→ Records for processing
▽

(* Let $d\in\{2,3\}$ and let $(W_n)$ be the simple symmetric random walk on $\mathbb{Z}^d$ started at $0$ (each of the $2d$ neighbours chosen with probability $1/(2d)$), and $X_n=n^{-1/4}W_n$. For $t\in\mathbb{R}^d$ set $\psi_n(t)=\mathbb{E}[e^{\langle t,X_n\rangle}]\exp\!\big(-\tfrac{n^{1/2}\|t\|^2}{2d}\big)$. Then $\psi_n\to\psi$ locally uniformly on $\mathbb{R}^d$ and in $L^1(\mathbb{R}^d)$, and $\psi\in L^1(\mathbb{R}^d)$, where $$\psi(t_1,t_2)=\exp\!\Big(-\frac{t_1^4+t_2^4+6t_1^2t_2^2}{96}\Big)\ (d=2),\qquad \psi(t_1,t_2,t_3)=\exp\!\Big(-\frac{t_1^2t_2^2+t_1^2t_3^2+t_2^2t_3^2}{36}\Big)\ (d=3).$$
   Context: $\langle u,v\rangle=\sum_i u_iv_i$ and $\|\cdot\|$ is the Euclidean norm on $\mathbb{R}^d$. *)

theory Defs
  imports "HOL-Probability.Probability"
begin

definition srw_step :: "(real ^ 'n::finite) pmf" where
  "srw_step = pmf_of_set ({axis i 1 | i. True} \<union> {axis i (-1) | i. True})"

fun srw :: "nat \<Rightarrow> (real ^ 'n::finite) pmf" where
  "srw 0 = return_pmf 0"
| "srw (Suc n) = bind_pmf (srw n) (\<lambda>w. map_pmf (\<lambda>s. w + s) srw_step)"

definition psi_n :: "nat \<Rightarrow> real ^ 'n::finite \<Rightarrow> real" where
  "psi_n n t = measure_pmf.expectation (srw n)
       (\<lambda>w. exp (t \<bullet> (real n powr (-1/4) *\<^sub>R w)))
     * exp (- sqrt (real n) * (norm t)\<^sup>2 / (2 * real CARD('n)))"

definition psi2 :: "real ^ 2 \<Rightarrow> real" where
  "psi2 t = exp (- ((t$1)^4 + (t$2)^4 + 6 * (t$1)\<^sup>2 * (t$2)\<^sup>2) / 96)"

definition psi3 :: "real ^ 3 \<Rightarrow> real" where
  "psi3 t = exp (- ((t$1)\<^sup>2 * (t$2)\<^sup>2 + (t$1)\<^sup>2 * (t$3)\<^sup>2 + (t$2)\<^sup>2 * (t$3)\<^sup>2) / 36)"

definition srw_conv :: "(real ^ 'n::finite \<Rightarrow> real) \<Rightarrow> bool" where
  "srw_conv psi \<longleftrightarrow>
     (\<forall>K :: (real ^ 'n) set. compact K \<longrightarrow> uniform_limit K (\<lambda>n. psi_n n :: real ^ 'n \<Rightarrow> real) psi sequentially)
   \<and> integrable lborel psi
   \<and> (\<forall>\<^sub>F n in sequentially. integrable lborel (psi_n n :: real ^ 'n \<Rightarrow> real))
   \<and> ((\<lambda>n. LINT (t :: real ^ 'n)|lborel. \<bar>psi_n n t - psi t\<bar>) \<longlongrightarrow> 0) sequentially"

end

theory Submission
  imports Defs
begin

text \<open>
  Write \<open>r\<^sub>n = n\<^sup>-\<^sup>1\<^sup>/\<^sup>4\<close>.  Since \<open>W\<^sub>n\<close> is a sum of \<open>n\<close> independent steps,
  \<open>psi_n t = H (r\<^sub>n t)\<^sup>n\<close> where \<open>H s = M(s) exp (-|s|\<^sup>2/(2d))\<close> and \<open>M(s) = (1/d) \<Sum>\<^sub>i cosh s\<^sub>i\<close>
  is the mgf of one step (\<open>mgf_ratio\<close>, \<open>step_mgf\<close> below).

  Convergence: Taylor expansion of \<open>cosh\<close> and \<open>ln\<close> gives
  \<open>|ln H(s) - Q(s)| \<le> |s|\<^sup>6\<close> near \<open>0\<close> for an explicit quartic form \<open>Q\<close> (\<open>quartic_form\<close>);
  as \<open>n r\<^sub>n\<^sup>4 = 1\<close> this yields \<open>psi_n \<rightarrow> exp \<circ> Q\<close> uniformly on compact sets, and
  \<open>exp \<circ> Q\<close> equals the stated \<open>psi\<close> for \<open>d = 2, 3\<close>.

  Domination: \<open>L\<^sup>1\<close> convergence follows from dominated convergence once the \<open>psi_n\<close> share an
  integrable majorant.  For \<open>|r\<^sub>n t|\<close> large, \<open>M(s) \<le> exp |s|\<close> gives a Gaussian bound in every
  dimension.  For \<open>|r\<^sub>n t|\<close> bounded, a homogeneous quartic bound \<open>H(s) \<le> exp (- P s)\<close> transfers
  to \<open>psi_n t \<le> exp (- P t)\<close>; here the dimensions differ.  For \<open>d = 2\<close> one takes
  \<open>P = k (s\<^sub>1\<^sup>4 + s\<^sub>2\<^sup>4)\<close>; for \<open>d = 3\<close> the pure quartic terms cancel and one takes
  \<open>P = k (|s|\<^sup>4 - \<Sum> s\<^sub>i\<^sup>4)\<close>, whose exponential is integrable in every dimension \<open>\<ge> 3\<close>
  by a dyadic decomposition into slabs.
\<close>

section \<open>The moment generating function of the walk\<close>

definition step_mgf :: "real ^ 'n::finite \<Rightarrow> real" where
  "step_mgf u = (\<Sum>i\<in>UNIV. cosh (u $ i)) / real CARD('n)"

lemma srw_step_support:
  "({axis i 1 | i. True} \<union> {axis i (-1) | i. True} :: (real ^ 'n::finite) set)
     = range (\<lambda>i. axis i 1) \<union> range (\<lambda>i. axis i (-1))"
  by auto

lemma finite_set_srw_step: "finite (set_pmf (srw_step :: (real ^ 'n::finite) pmf))"
  unfolding srw_step_def srw_step_support by (subst set_pmf_of_set) auto

lemma finite_set_srw: "finite (set_pmf (srw n :: (real ^ 'n::finite) pmf))"
  by (induction n) (simp_all add: finite_set_srw_step)

lemma step_mgf_eq:
  fixes u :: "real ^ 'n::finite"
  shows "measure_pmf.expectation srw_step (\<lambda>s. exp (u \<bullet> s)) = step_mgf u"
proof -
  let ?A = "range (\<lambda>i. axis i 1) :: (real ^ 'n) set"
  let ?B = "range (\<lambda>i. axis i (-1)) :: (real ^ 'n) set"
  have disj: "?A \<inter> ?B = {}" by (auto simp: axis_eq_axis)
  have injA: "inj (\<lambda>i. axis i (1::real) :: real ^ 'n)" by (auto intro: injI simp: axis_eq_axis)
  have injB: "inj (\<lambda>i. axis i (-1::real) :: real ^ 'n)" by (auto intro: injI simp: axis_eq_axis)
  have card: "card (?A \<union> ?B) = 2 * CARD('n)"
    using disj injA injB by (simp add: card_Un_disjoint card_image)
  have "measure_pmf.expectation srw_step (\<lambda>s. exp (u \<bullet> s))
      = (\<Sum>s\<in>?A \<union> ?B. exp (u \<bullet> s)) / card (?A \<union> ?B)"
    unfolding srw_step_def srw_step_support by (subst integral_pmf_of_set) auto
  also have "(\<Sum>s\<in>?A \<union> ?B. exp (u \<bullet> s)) = (\<Sum>i\<in>UNIV. exp (u $ i)) + (\<Sum>i\<in>UNIV. exp (- u $ i))"
    using disj injA injB by (simp add: sum.union_disjoint sum.reindex inner_axis)
  also have "\<dots> = 2 * (\<Sum>i\<in>UNIV. cosh (u $ i))"
    by (simp add: sum.distrib[symmetric] sum_distrib_left cosh_field_def, intro sum.cong, auto)
  finally show ?thesis using card by (simp add: step_mgf_def)
qed

text \<open>Since \<open>W\<^sub>n\<close> is a sum of \<open>n\<close> independent steps, its mgf is the \<open>n\<close>-th power.\<close>
lemma srw_mgf:
  fixes u :: "real ^ 'n::finite"
  shows "measure_pmf.expectation (srw n) (\<lambda>w. exp (u \<bullet> w)) = step_mgf u ^ n"
proof (induction n)
  case 0 then show ?case by simp
next
  case (Suc n)
  let ?E = "\<lambda>p. measure_pmf.expectation p (\<lambda>w. exp (u \<bullet> w))"
  have "?E (srw (Suc n)) =
      (\<Sum>a\<in>set_pmf (srw n). pmf (srw n) a *\<^sub>R ?E (map_pmf (\<lambda>s. a + s) srw_step))"
    using finite_set_srw finite_set_srw_step
    by (simp only: srw.simps, subst pmf_expectation_bind[of "set_pmf (srw n)"]) auto
  also have "\<dots> = (\<Sum>a\<in>set_pmf (srw n). pmf (srw n) a *\<^sub>R exp (u \<bullet> a)) * step_mgf u"
    by (simp add: inner_add_right exp_add step_mgf_eq[symmetric] sum_distrib_right mult.assoc)
  also have "(\<Sum>a\<in>set_pmf (srw n). pmf (srw n) a *\<^sub>R exp (u \<bullet> a)) = ?E (srw n)"
    using finite_set_srw by (subst integral_measure_pmf[of "set_pmf (srw n)"]) auto
  finally show ?case using Suc by simp
qed

text \<open>The step mgf divided by the mgf \<open>exp (|s|\<^sup>2/(2d))\<close> of the Gaussian with the same
  covariance; \<open>psi_n\<close> is the \<open>n\<close>-th power of this ratio at \<open>n\<^sup>-\<^sup>1\<^sup>/\<^sup>4 t\<close>.\<close>
definition mgf_ratio :: "real ^ 'n::finite \<Rightarrow> real" where
  "mgf_ratio s = step_mgf s * exp (- ((norm s) ^ 2) / (2 * real CARD('n)))"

△

→ Task details
Look for the string "UNIV" in the entries above. Copy every line that has it.

→ Output for this exercise
  "step_mgf u = (\<Sum>i\<in>UNIV. cosh (u $ i)) / real CARD('n)"
  also have "(\<Sum>s\<in>?A \<union> ?B. exp (u \<bullet> s)) = (\<Sum>i\<in>UNIV. exp (u $ i)) + (\<Sum>i\<in>UNIV. exp (- u $ i))"
  also have "\<dots> = 2 * (\<Sum>i\<in>UNIV. cosh (u $ i))"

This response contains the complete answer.